WORK TASK
Give the number of lines in the records below that contain the word "assumes". State only that number.

>>>

lemma ellK_has_integral:
  assumes "\<bar>\<kappa>\<bar> < 1"
  shows "((\<lambda>t. 1 / sqrt (1 - \<kappa>\<^sup>2 * (sin t)\<^sup>2)) has_integral ellK \<kappa>) {0..pi/2}"
proof -
  have "\<kappa>\<^sup>2 < 1"
    using assms by (simp add: abs_square_less_1)
  then have "1 - \<kappa>\<^sup>2 * (sin t)\<^sup>2 \<noteq> 0" for t
    using one_minus_mult_sin_square_pos[of "\<kappa>\<^sup>2" t] by simp
  then show ?thesis
    unfolding ellK_def
    by (intro integrable_integral integrable_continuous_interval continuous_intros) auto
qed

lemma ellE_has_integral:
  "((\<lambda>t. sqrt (1 - \<kappa>\<^sup>2 * (sin t)\<^sup>2)) has_integral ellE \<kappa>) {0..pi/2}"
  unfolding ellE_def
  by (intro integrable_integral integrable_continuous_interval continuous_intros)

lemma ellPi_has_integral:
  assumes "\<bar>\<kappa>\<bar> < 1" and "n < 1"
  shows "((\<lambda>t. 1 / ((1 - n * (sin t)\<^sup>2) * sqrt (1 - \<kappa>\<^sup>2 * (sin t)\<^sup>2)))
           has_integral ellPi n \<kappa>) {0..pi/2}"
proof -
  have "\<kappa>\<^sup>2 < 1"
    using assms by (simp add: abs_square_less_1)
  then have "1 - \<kappa>\<^sup>2 * (sin t)\<^sup>2 \<noteq> 0" "1 - n * (sin t)\<^sup>2 \<noteq> 0" for t
    using one_minus_mult_sin_square_pos[of "\<kappa>\<^sup>2" t] one_minus_mult_sin_square_pos[of n t] assms(2)
    by simp_all
  then show ?thesis
    unfolding ellPi_def
    by (intro integrable_integral integrable_continuous_interval continuous_intros) auto
qed

lemma has_real_derivative_sin_cos_sqrt:
  fixes k x :: real
  assumes "0 < 1 - k * (sin x)\<^sup>2"
  shows "((\<lambda>t. sin t * cos t * sqrt (1 - k * (sin t)\<^sup>2)) has_real_derivative
           (1 - (2 + 2 * k) * (sin x)\<^sup>2 + 3 * k * ((sin x)\<^sup>2)\<^sup>2)
             / sqrt (1 - k * (sin x)\<^sup>2)) (at x)"
proof -
  define \<Delta> where "\<Delta> = sqrt (1 - k * (sin x)\<^sup>2)"
  have \<Delta>_pos: "0 < \<Delta>" and \<Delta>_square: "\<Delta> * \<Delta> = 1 - k * (sin x)\<^sup>2"
    unfolding \<Delta>_def using assms by (simp_all add: real_sqrt_mult_self)
  have "((\<lambda>t. sin t * cos t * sqrt (1 - k * (sin t)\<^sup>2)) has_real_derivative
          (cos x * cos x - sin x * sin x) * \<Delta> - sin x * cos x * (k * sin x * cos x) / \<Delta>) (at x)"
    unfolding \<Delta>_def using assms
    by (auto intro!: derivative_eq_intros simp: power2_eq_square field_simps)
  also have "(cos x * cos x - sin x * sin x) * \<Delta> - sin x * cos x * (k * sin x * cos x) / \<Delta>
      = ((cos x * cos x - sin x * sin x) * (\<Delta> * \<Delta>) - k * (sin x)\<^sup>2 * (cos x * cos x)) / \<Delta>"
    using \<Delta>_pos by (simp add: field_simps power2_eq_square)
  also have "\<dots> = (1 - (2 + 2 * k) * (sin x)\<^sup>2 + 3 * k * ((sin x)\<^sup>2)\<^sup>2) / \<Delta>"
    unfolding \<Delta>_square cos_squared_eq[unfolded power2_eq_square]
    by (simp add: algebra_simps power2_eq_square)
  finally show ?thesis
    unfolding \<Delta>_def .
qed

lemma has_integral_sin_cos_sqrt_derivative:
  fixes k :: real
  assumes "k < 1"
  shows "((\<lambda>t. (1 - (2 + 2 * k) * (sin t)\<^sup>2 + 3 * k * ((sin t)\<^sup>2)\<^sup>2)
                / sqrt (1 - k * (sin t)\<^sup>2))
           has_integral 0) {0..pi/2}"
  using fundamental_theorem_of_calculus[of 0 "pi/2" "\<lambda>t. sin t * cos t * sqrt (1 - k * (sin t)\<^sup>2)"]
    has_real_derivative_sin_cos_sqrt[OF one_minus_mult_sin_square_pos[OF assms]]
  by (simp add: has_real_derivative_iff_has_vector_derivative has_vector_derivative_at_within)

lemma has_integral_sin_square_substitution:
  fixes f :: "real \<Rightarrow> real" and a c :: real
  assumes "0 \<le> a" and "continuous_on {c - a..c} f"
  shows "((\<lambda>t. 2 * a * sin t * cos t * f (c - a * (sin t)\<^sup>2)) has_integral integral {c - a..c} f)
           {0..pi/2}"
proof -
  let ?g = "\<lambda>t. c - a * (sin t)\<^sup>2"
  have image: "?g ` {0..pi/2} \<subseteq> {c - a..c}"
    using assms(1) mult_left_le[OF sin_square_le_one assms(1)] by auto
  have reversed: "integral {c..c - a} f = 0"
  proof (cases "a = 0")
    case False
    then have "{c..c - a} = {}"
      using assms(1) by simp
    then show ?thesis
      by simp
  qed simp
  have "((\<lambda>t. - (2 * a * sin t * cos t) *\<^sub>R f (?g t)) has_integral
               integral {?g 0..?g (pi/2)} f - integral {?g (pi/2)..?g 0} f) {0..pi/2}"
    by (rule has_integral_substitution_general[OF _ _ image assms(2), of "{}"])
       (auto intro!: continuous_intros derivative_eq_intros simp: power2_eq_square)
  then have "((\<lambda>t. - (2 * a * sin t * cos t * f (?g t))) has_integral
               - integral {c - a..c} f) {0..pi/2}"
    using reversed by simp
  from has_integral_neg[OF this] show ?thesis
    by simp
qed

lemma I1_integrand_Legendre_decomposition:
  fixes h j2 z1 z2 z3 t :: real
  defines "a \<equiv> z3 - z2" and "b \<equiv> z3 - z1"
  assumes "z1 < z2" "0 < z2" "z2 < z3"
    and "Pcub h j2 z1 = 0" "Pcub h j2 z2 = 0" "Pcub h j2 z3 = 0"
    and "0 \<le> sin t" "0 \<le> cos t"
  shows "sqrt 2 * (2 * a * sin t * cos t *
           (sqrt (Pcub h j2 (z3 - a * (sin t)\<^sup>2)) / (z3 - a * (sin t)\<^sup>2)))
       = 4 * (2 * h + z1) / (3 * sqrt b) * (1 / sqrt (1 - a / b * (sin t)\<^sup>2))
         + 4 * sqrt b / 3 * sqrt (1 - a / b * (sin t)\<^sup>2)
         + - (j2\<^sup>2) / (z3 * sqrt b)
             * (1 / ((1 - a / z3 * (sin t)\<^sup>2) * sqrt (1 - a / b * (sin t)\<^sup>2)))
         + - (4 * a * sqrt b / 3)
             * ((1 - (2 + 2 * (a / b)) * (sin t)\<^sup>2 + 3 * (a / b) * ((sin t)\<^sup>2)\<^sup>2)
                / sqrt (1 - a / b * (sin t)\<^sup>2))"
    (is "?lhs = ?rhs")
proof -
  define u where "u = (sin t)\<^sup>2"
  define D where "D = 1 - a / b * u"
  define S where "S = sqrt b"
  define \<Delta> where "\<Delta> = sqrt D"
  have a_pos: "0 < a" and a_less: "a < b" "a < z3"
    using assms(3-5) unfolding a_def b_def by auto
  have u: "0 \<le> u" "u \<le> 1" "(cos t)\<^sup>2 = 1 - u"
    unfolding u_def using sin_square_le_one by (simp_all add: cos_squared_eq)
  have D_pos: "0 < D"
    unfolding D_def u_def using a_less(1) a_pos
    by (intro one_minus_mult_sin_square_pos) simp
  have \<Delta>: "0 < \<Delta>" "\<Delta>\<^sup>2 = D"
    unfolding \<Delta>_def using D_pos by simp_all
  have z_pos: "0 < z3 - a * u"
    using mult_left_le[OF u(2), of a] a_pos a_less(2) by linarith
  have S: "0 < S" "S\<^sup>2 = b"
    unfolding S_def using a_pos a_less(1) by simp_all
  have "Pcub h j2 (z3 - a * u) = 2 * a\<^sup>2 * u * (1 - u) * b * D"
    unfolding Pcub_eq_root_product[OF assms(3,5-8)] D_def
    using a_pos a_less(1) by (simp add: a_def b_def field_simps power2_eq_square)
  also have "\<dots> = (sqrt 2 * a * sin t * cos t * S * \<Delta>)\<^sup>2"
    unfolding u_def u(3)[symmetric] S(2)[symmetric] \<Delta>(2)[symmetric]
    by (simp add: power_mult_distrib cos_squared_eq)
  finally have sqrt_P: "sqrt (Pcub h j2 (z3 - a * u)) = sqrt 2 * a * sin t * cos t * S * \<Delta>"
    using assms(9,10) a_pos S(1) \<Delta>(1) by simp
  have "?lhs = 4 * a\<^sup>2 * (sin t)\<^sup>2 * (cos t)\<^sup>2 * S * \<Delta> / (z3 - a * u)"
    unfolding sqrt_P[unfolded u_def] u_def by (simp add: power2_eq_square)
  also have "\<dots> = S * (4 * a\<^sup>2 * u * (1 - u) * D / (z3 - a * u)) / \<Delta>"
    using \<Delta>(1) z_pos unfolding u(3) u_def[symmetric] \<Delta>(2)[symmetric]
    by (simp add: field_simps power2_eq_square)
  also have "\<dots> = S * (4 * (2 * h + z1) / (3 * b) + 4 / 3 * D - j2\<^sup>2 / (b * (z3 - a * u))
         - 4 * a / 3 * (1 - (2 + 2 * (a / b)) * u + 3 * (a / b) * u\<^sup>2)) / \<Delta>"
    using Pcub_partial_fractions[of z1 z2 z3 h j2 u, folded a_def b_def,
        OF Pcub_roots_Vieta[OF assms(3,5-8)]] a_less(1) a_pos z_pos
    unfolding D_def by simp
  also have "\<dots> = ?rhs"
    unfolding u_def[symmetric] D_def[symmetric] \<Delta>_def[symmetric] S_def[symmetric]
    unfolding \<Delta>(2)[symmetric] S(2)[symmetric]
    using \<Delta>(1) S(1) z_pos a_less(2) a_pos
    by (simp add: field_simps power2_eq_square)
  finally show ?thesis .
qed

<<<

PROBLEM SOLUTION
6